Task data:
--- START ---

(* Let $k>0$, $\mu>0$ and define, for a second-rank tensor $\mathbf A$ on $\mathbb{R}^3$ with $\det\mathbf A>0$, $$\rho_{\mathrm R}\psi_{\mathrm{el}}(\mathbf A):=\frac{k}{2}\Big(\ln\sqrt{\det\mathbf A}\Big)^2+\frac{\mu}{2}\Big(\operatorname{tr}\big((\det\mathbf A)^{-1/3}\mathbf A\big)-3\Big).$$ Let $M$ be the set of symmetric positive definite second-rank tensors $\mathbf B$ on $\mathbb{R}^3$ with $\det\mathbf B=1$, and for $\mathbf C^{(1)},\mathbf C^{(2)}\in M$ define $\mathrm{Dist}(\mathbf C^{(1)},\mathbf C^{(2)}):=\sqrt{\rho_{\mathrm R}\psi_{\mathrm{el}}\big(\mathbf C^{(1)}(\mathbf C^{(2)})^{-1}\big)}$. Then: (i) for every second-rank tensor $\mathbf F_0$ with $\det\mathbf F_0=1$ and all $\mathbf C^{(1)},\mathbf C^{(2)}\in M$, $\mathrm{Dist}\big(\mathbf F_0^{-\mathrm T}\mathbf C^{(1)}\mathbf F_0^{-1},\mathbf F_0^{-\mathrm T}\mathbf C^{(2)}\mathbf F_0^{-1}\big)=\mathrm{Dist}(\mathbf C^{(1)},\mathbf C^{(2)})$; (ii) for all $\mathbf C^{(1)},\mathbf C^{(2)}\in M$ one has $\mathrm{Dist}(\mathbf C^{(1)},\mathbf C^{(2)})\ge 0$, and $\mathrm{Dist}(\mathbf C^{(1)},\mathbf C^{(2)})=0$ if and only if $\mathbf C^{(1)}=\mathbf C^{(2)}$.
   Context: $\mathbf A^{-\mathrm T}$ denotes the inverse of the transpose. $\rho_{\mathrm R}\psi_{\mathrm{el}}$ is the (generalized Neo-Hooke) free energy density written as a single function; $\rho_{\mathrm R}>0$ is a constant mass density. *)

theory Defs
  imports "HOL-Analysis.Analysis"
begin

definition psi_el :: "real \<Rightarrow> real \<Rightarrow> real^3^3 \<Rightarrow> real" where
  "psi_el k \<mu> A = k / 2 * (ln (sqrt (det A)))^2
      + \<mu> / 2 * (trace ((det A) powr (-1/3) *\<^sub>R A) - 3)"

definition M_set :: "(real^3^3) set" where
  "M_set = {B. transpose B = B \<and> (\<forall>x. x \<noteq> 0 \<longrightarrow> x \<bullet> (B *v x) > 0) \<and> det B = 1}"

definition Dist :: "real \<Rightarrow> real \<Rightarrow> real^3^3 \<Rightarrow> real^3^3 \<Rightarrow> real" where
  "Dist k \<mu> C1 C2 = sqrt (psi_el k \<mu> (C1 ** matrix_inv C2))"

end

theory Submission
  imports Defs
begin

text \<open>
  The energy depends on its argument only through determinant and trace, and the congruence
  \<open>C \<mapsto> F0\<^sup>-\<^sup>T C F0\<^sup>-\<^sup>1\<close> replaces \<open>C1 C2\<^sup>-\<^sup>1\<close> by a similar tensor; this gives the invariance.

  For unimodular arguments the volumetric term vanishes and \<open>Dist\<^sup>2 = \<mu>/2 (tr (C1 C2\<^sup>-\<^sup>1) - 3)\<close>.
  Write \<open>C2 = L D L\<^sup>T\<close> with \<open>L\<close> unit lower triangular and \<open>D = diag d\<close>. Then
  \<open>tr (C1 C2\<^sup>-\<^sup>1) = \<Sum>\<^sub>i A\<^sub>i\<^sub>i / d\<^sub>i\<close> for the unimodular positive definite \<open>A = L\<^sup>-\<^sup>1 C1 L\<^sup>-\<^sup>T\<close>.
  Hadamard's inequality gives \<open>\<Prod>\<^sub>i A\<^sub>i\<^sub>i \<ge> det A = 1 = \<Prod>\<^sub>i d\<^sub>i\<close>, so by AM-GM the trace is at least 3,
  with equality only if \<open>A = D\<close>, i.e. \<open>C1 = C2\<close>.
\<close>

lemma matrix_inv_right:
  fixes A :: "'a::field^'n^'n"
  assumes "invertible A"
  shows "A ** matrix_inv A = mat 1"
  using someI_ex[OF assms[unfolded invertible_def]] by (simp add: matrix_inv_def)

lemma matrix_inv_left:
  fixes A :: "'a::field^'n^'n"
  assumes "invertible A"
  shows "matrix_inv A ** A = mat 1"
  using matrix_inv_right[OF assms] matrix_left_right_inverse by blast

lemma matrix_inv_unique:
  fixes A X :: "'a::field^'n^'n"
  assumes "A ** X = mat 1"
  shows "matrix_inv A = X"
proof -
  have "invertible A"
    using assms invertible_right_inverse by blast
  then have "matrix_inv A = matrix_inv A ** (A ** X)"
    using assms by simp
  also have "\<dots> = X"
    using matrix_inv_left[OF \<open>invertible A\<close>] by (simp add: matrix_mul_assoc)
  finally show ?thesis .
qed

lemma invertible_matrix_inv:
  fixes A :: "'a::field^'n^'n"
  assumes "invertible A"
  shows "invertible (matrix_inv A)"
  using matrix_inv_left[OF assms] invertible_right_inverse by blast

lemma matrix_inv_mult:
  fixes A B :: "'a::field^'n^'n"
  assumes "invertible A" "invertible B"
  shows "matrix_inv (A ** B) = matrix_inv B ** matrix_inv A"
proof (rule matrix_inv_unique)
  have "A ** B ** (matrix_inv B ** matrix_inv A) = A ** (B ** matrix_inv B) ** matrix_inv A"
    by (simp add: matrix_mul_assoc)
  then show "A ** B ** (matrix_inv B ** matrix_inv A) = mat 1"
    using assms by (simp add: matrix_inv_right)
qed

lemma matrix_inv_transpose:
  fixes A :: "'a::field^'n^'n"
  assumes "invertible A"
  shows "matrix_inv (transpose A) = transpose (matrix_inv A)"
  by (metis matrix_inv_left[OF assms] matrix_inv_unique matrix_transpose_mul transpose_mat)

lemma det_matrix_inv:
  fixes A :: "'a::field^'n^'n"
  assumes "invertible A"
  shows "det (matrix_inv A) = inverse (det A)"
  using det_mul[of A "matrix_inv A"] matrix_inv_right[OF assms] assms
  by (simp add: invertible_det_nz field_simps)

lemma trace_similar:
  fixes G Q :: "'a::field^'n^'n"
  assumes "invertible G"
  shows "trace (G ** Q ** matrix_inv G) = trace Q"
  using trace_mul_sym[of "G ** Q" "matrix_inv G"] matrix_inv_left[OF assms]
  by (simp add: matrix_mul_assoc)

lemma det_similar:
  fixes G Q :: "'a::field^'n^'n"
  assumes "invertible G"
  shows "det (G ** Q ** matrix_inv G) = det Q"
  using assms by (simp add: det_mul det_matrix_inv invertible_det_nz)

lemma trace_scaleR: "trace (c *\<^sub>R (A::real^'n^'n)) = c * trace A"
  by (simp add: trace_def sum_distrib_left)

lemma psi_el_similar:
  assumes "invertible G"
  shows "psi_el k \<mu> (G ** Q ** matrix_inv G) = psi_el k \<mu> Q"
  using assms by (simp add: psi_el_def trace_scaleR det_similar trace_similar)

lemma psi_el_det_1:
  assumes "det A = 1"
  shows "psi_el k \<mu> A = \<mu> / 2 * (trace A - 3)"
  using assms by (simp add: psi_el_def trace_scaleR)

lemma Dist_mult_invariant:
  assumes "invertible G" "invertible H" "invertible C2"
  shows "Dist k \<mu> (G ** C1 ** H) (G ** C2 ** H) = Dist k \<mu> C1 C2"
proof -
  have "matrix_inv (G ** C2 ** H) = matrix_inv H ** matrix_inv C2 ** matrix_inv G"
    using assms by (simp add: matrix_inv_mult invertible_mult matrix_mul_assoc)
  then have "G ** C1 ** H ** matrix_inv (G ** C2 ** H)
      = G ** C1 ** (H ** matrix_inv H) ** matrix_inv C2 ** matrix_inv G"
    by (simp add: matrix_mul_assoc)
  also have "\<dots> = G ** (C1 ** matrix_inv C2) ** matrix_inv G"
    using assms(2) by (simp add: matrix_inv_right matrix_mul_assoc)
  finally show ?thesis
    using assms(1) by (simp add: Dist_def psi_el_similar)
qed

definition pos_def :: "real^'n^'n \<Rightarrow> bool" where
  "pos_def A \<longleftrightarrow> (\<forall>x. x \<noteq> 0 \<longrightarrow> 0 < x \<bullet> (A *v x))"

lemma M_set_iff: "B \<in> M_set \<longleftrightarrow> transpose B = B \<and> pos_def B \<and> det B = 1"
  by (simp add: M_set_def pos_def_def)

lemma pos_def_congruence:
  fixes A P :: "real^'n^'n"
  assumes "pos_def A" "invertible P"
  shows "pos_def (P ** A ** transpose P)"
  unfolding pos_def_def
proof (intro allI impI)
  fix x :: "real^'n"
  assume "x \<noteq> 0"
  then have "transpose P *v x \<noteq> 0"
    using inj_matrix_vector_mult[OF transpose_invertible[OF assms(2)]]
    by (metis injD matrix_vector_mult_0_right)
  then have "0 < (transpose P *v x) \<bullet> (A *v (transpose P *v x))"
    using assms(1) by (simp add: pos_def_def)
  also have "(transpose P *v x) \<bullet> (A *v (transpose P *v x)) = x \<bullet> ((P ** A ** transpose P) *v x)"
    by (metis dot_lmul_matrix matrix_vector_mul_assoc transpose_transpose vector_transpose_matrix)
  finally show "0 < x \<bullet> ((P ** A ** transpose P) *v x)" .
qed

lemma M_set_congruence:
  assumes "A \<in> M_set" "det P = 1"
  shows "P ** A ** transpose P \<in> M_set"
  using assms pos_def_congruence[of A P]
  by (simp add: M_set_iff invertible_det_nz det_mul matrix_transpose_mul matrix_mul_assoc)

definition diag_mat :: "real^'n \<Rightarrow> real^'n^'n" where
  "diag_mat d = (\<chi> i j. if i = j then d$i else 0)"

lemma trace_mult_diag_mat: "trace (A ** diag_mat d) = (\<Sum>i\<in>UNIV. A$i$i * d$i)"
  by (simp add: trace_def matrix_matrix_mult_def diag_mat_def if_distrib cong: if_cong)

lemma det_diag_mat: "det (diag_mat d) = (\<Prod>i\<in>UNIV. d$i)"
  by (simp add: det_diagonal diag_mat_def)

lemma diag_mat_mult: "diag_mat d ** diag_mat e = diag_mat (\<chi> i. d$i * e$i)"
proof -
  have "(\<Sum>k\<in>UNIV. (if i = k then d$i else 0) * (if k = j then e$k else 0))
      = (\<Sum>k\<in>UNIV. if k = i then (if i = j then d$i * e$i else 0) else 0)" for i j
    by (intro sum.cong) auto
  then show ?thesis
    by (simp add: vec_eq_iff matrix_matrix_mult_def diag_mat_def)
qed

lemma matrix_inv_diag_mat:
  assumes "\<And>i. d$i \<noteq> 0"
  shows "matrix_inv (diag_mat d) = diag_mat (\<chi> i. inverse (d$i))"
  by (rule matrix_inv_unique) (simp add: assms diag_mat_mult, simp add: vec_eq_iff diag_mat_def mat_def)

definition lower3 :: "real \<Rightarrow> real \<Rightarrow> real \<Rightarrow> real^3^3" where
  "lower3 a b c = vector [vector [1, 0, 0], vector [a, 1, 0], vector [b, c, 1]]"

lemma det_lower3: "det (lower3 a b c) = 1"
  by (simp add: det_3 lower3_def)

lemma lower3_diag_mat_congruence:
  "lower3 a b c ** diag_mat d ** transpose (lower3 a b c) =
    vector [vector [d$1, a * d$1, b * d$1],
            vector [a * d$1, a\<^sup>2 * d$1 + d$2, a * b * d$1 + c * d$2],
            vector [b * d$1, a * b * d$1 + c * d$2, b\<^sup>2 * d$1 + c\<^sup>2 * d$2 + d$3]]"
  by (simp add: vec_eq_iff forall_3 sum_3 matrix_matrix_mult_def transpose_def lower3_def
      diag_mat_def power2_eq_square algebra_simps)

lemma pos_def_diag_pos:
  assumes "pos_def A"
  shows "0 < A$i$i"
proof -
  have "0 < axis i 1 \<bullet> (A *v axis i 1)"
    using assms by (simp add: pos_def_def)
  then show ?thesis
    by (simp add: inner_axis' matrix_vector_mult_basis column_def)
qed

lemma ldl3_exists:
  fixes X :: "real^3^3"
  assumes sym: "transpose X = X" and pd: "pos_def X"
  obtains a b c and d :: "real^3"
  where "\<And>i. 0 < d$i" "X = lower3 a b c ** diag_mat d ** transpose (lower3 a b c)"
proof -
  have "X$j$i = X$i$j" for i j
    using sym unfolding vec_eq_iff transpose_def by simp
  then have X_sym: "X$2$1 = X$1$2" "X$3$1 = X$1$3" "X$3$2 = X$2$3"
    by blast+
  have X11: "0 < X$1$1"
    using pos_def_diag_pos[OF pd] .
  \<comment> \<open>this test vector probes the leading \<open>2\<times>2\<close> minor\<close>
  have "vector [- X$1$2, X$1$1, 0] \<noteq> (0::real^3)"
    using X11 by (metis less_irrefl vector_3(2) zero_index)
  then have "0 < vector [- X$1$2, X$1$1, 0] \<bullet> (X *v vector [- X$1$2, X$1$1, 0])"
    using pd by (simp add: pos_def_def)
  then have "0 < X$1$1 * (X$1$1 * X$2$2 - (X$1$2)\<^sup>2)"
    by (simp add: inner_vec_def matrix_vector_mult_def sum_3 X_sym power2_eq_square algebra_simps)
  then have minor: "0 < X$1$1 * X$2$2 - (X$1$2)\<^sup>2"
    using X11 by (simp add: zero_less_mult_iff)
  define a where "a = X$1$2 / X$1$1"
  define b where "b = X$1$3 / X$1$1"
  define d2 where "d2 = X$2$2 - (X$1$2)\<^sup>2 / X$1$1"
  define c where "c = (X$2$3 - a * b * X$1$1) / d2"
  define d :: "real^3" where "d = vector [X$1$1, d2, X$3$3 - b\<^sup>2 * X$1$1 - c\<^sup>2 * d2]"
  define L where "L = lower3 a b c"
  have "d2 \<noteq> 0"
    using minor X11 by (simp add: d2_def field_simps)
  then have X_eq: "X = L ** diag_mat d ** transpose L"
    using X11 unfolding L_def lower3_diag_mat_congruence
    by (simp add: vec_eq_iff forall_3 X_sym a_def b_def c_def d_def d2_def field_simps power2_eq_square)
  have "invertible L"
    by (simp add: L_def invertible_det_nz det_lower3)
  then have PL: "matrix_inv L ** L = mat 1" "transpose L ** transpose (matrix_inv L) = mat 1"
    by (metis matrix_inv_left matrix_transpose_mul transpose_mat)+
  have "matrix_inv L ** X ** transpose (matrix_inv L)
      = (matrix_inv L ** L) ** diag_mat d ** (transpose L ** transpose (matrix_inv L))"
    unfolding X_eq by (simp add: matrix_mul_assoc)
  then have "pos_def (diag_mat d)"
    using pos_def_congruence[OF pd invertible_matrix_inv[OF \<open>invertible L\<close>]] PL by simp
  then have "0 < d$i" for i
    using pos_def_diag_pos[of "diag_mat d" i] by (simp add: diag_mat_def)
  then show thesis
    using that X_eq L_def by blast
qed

--- END ---

The problem:
Reproduce every line in the records above that contains the word "minor".

Solution to this task:
  \<comment> \<open>this test vector probes the leading \<open>2\<times>2\<close> minor\<close>
  then have minor: "0 < X$1$1 * X$2$2 - (X$1$2)\<^sup>2"
    using minor X11 by (simp add: d2_def field_simps)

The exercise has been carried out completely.